(* Let $\alpha,\tau\in C^{\log}_{\mathrm{loc}}$ with $\tau^-\ge0$, let $p,q\in\mathcal{P}^{\log}_0$ with $0<q^+<\infty$. There exists $c>0$ such that for all $\lambda\in\mathfrak{b}^{\alpha(\cdot),\tau(\cdot)}_{p(\cdot),q(\cdot)}$, all $v\in\mathbb{N}_0$, $m\in\mathbb{Z}^n$ and $x\in Q_{v,m}$, $$|\lambda_{v,m}|\le c\,2^{-v(\alpha(x)+\frac n2)}|Q_{v,m}|^{\tau(x)}\,\|\lambda\|_{\mathfrak{b}^{\alpha(\cdot),\tau(\cdot)}_{p(\cdot),q(\cdot)}}\,\|\chi_{v,m}\|_{p(\cdot)}^{-1}.$$
   Context: $g^\pm$: essential sup/inf. $\mathcal{P}_0$: measurable $p:\mathbb{R}^n\to(0,\infty)$ with $p^->0$. $g\in C^{\log}_{\mathrm{loc}}$: $|g(x)-g(y)|\le c/\log(e+1/|x-y|)$; $g\in C^{\log}$: additionally $|g(x)-g_\infty|\le c/\log(e+|x|)$. $\mathcal{P}_0^{\log}=\{p\in\mathcal{P}_0:1/p\in C^{\log}\}$. $\|f\|_{p(\cdot)}=\inf\{\lambda>0:\int|f/\lambda|^{p(x)}dx\le1\}$; $\|(f_v)\|_{\ell^{q(\cdot)}(L^{p(\cdot)})}=\inf\{\mu>0:\sum_v\inf\{\lambda_v>0:\int|f_v(x)/(\mu\lambda_v^{1/q(x)})|^{p(x)}dx\le1\}\le1\}$. Dyadic cubes $Q_{v,m}=\{x:m_i\le2^vx_i<m_i+1\}$, $\chi_{v,m}=\chi_{Q_{v,m}}$, $\mathcal{Q}$ the set of dyadic cubes, $v_P=-\log_2l(P)$, $v_P^+=\max(v_P,0)$. For complex sequences $\lambda=\{\lambda_{v,m}:v\in\mathbb{N}_0,m\in\mathbb{Z}^n\}$, $\|\lambda\|_{\mathfrak{b}^{\alpha(\cdot),\tau(\cdot)}_{p(\cdot),q(\cdot)}}=\sup_{P\in\mathcal{Q}}\Big\|\Big(|P|^{-\tau(\cdot)}\chi_P\sum_{m\in\mathbb{Z}^n}2^{v(\alpha(\cdot)+n/2)}\lambda_{v,m}\chi_{v,m}\Big)_{v\ge v_P^+}\Big\|_{\ell^{q(\cdot)}(L^{p(\cdot)})}$ and $\mathfrak{b}^{\alpha(\cdot),\tau(\cdot)}_{p(\cdot),q(\cdot)}$ is the set of $\lambda$ where this is finite. *)

theory Defs
  imports "HOL-Analysis.Analysis" "HOL-Probability.Essential_Supremum"
begin

definition ess_sup :: "(real^'n \<Rightarrow> real) \<Rightarrow> ereal" where
  "ess_sup g = esssup lebesgue (\<lambda>x. ereal (g x))"

definition ess_inf :: "(real^'n \<Rightarrow> real) \<Rightarrow> ereal" where
  "ess_inf g = - esssup lebesgue (\<lambda>x. - ereal (g x))"

definition C_log_loc :: "(real^'n \<Rightarrow> real) \<Rightarrow> bool" where
  "C_log_loc g \<longleftrightarrow> (\<exists>c. \<forall>x y. x \<noteq> y \<longrightarrow>
      \<bar>g x - g y\<bar> \<le> c / ln (exp 1 + 1 / norm (x - y)))"

definition C_log :: "(real^'n \<Rightarrow> real) \<Rightarrow> bool" where
  "C_log g \<longleftrightarrow> C_log_loc g \<and> (\<exists>c g_inf. \<forall>x.
      \<bar>g x - g_inf\<bar> \<le> c / ln (exp 1 + norm x))"

definition P0 :: "(real^'n \<Rightarrow> real) \<Rightarrow> bool" where
  "P0 p \<longleftrightarrow> p \<in> borel_measurable lebesgue \<and> (\<forall>x. 0 < p x) \<and> ess_inf p > 0"

definition P0_log :: "(real^'n \<Rightarrow> real) \<Rightarrow> bool" where
  "P0_log p \<longleftrightarrow> P0 p \<and> C_log (\<lambda>x. 1 / p x)"

definition dcube :: "int \<Rightarrow> int^'n \<Rightarrow> (real^'n) set" where
  "dcube k m = {x. \<forall>i. real_of_int (m$i) \<le> 2 powr k * x$i \<and> 2 powr k * x$i < real_of_int (m$i) + 1}"

text \<open>Variable exponent Lebesgue (quasi-)norm; value \<infinity> if no admissible lambda exists.\<close>
definition Lp_var_norm :: "(real^'n \<Rightarrow> real) \<Rightarrow> (real^'n \<Rightarrow> 'b::real_normed_vector) \<Rightarrow> ennreal" where
  "Lp_var_norm p f = Inf {ennreal l | l. 0 < l \<and>
      (\<integral>\<^sup>+ x. ennreal ((norm (f x) / l) powr p x) \<partial>lebesgue) \<le> 1}"

definition lq_Lp_norm :: "(real^'n \<Rightarrow> real) \<Rightarrow> (real^'n \<Rightarrow> real) \<Rightarrow> (nat \<Rightarrow> real^'n \<Rightarrow> 'b::real_normed_vector) \<Rightarrow> ennreal" where
  "lq_Lp_norm p q f = Inf {ennreal \<mu> | \<mu>. 0 < \<mu> \<and>
      (\<Sum>v. Inf {ennreal l | l. 0 < l \<and>
          (\<integral>\<^sup>+ x. ennreal ((norm (f v x) / (\<mu> * l powr (1 / q x))) powr p x) \<partial>lebesgue) \<le> 1}) \<le> 1}"

text \<open>The supremum ranges over all
  dyadic cubes P = Q_{k,m} (k \<in> Z, so v_P = k); the sequence is indexed by v \<ge> v_P^+ = nat k,
  the terms with v < v_P^+ being set to 0 (they contribute nothing to the mixed norm).\<close>
definition b_norm :: "(real^'n \<Rightarrow> real) \<Rightarrow> (real^'n \<Rightarrow> real) \<Rightarrow> (real^'n \<Rightarrow> real) \<Rightarrow> (real^'n \<Rightarrow> real)
      \<Rightarrow> (nat \<Rightarrow> int^'n \<Rightarrow> complex) \<Rightarrow> ennreal" where
  "b_norm \<alpha> \<tau> p q lam = (SUP (k, mP) \<in> (UNIV :: (int \<times> (int^'n)) set).
      lq_Lp_norm p q (\<lambda>v x. if nat k \<le> v then
         complex_of_real (measure lebesgue (dcube k mP) powr (- \<tau> x) * indicator (dcube k mP) x) *
         (\<Sum>\<^sub>\<infinity> m. complex_of_real (2 powr (real v * (\<alpha> x + real CARD('n) / 2)) *
                indicator (dcube (int v) m) x) * lam v m)
       else 0))"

Problem description: Reproduce word for word the material above, starting with the line that has "(real^'n \<Rightarrow> 'b::real_normed_vector)" and stopping after the line that has "(\<integral>\<^sup>+ x. ennreal ((norm (f x)".

Task output:
definition Lp_var_norm :: "(real^'n \<Rightarrow> real) \<Rightarrow> (real^'n \<Rightarrow> 'b::real_normed_vector) \<Rightarrow> ennreal" where
  "Lp_var_norm p f = Inf {ennreal l | l. 0 < l \<and>
      (\<integral>\<^sup>+ x. ennreal ((norm (f x) / l) powr p x) \<partial>lebesgue) \<le> 1}"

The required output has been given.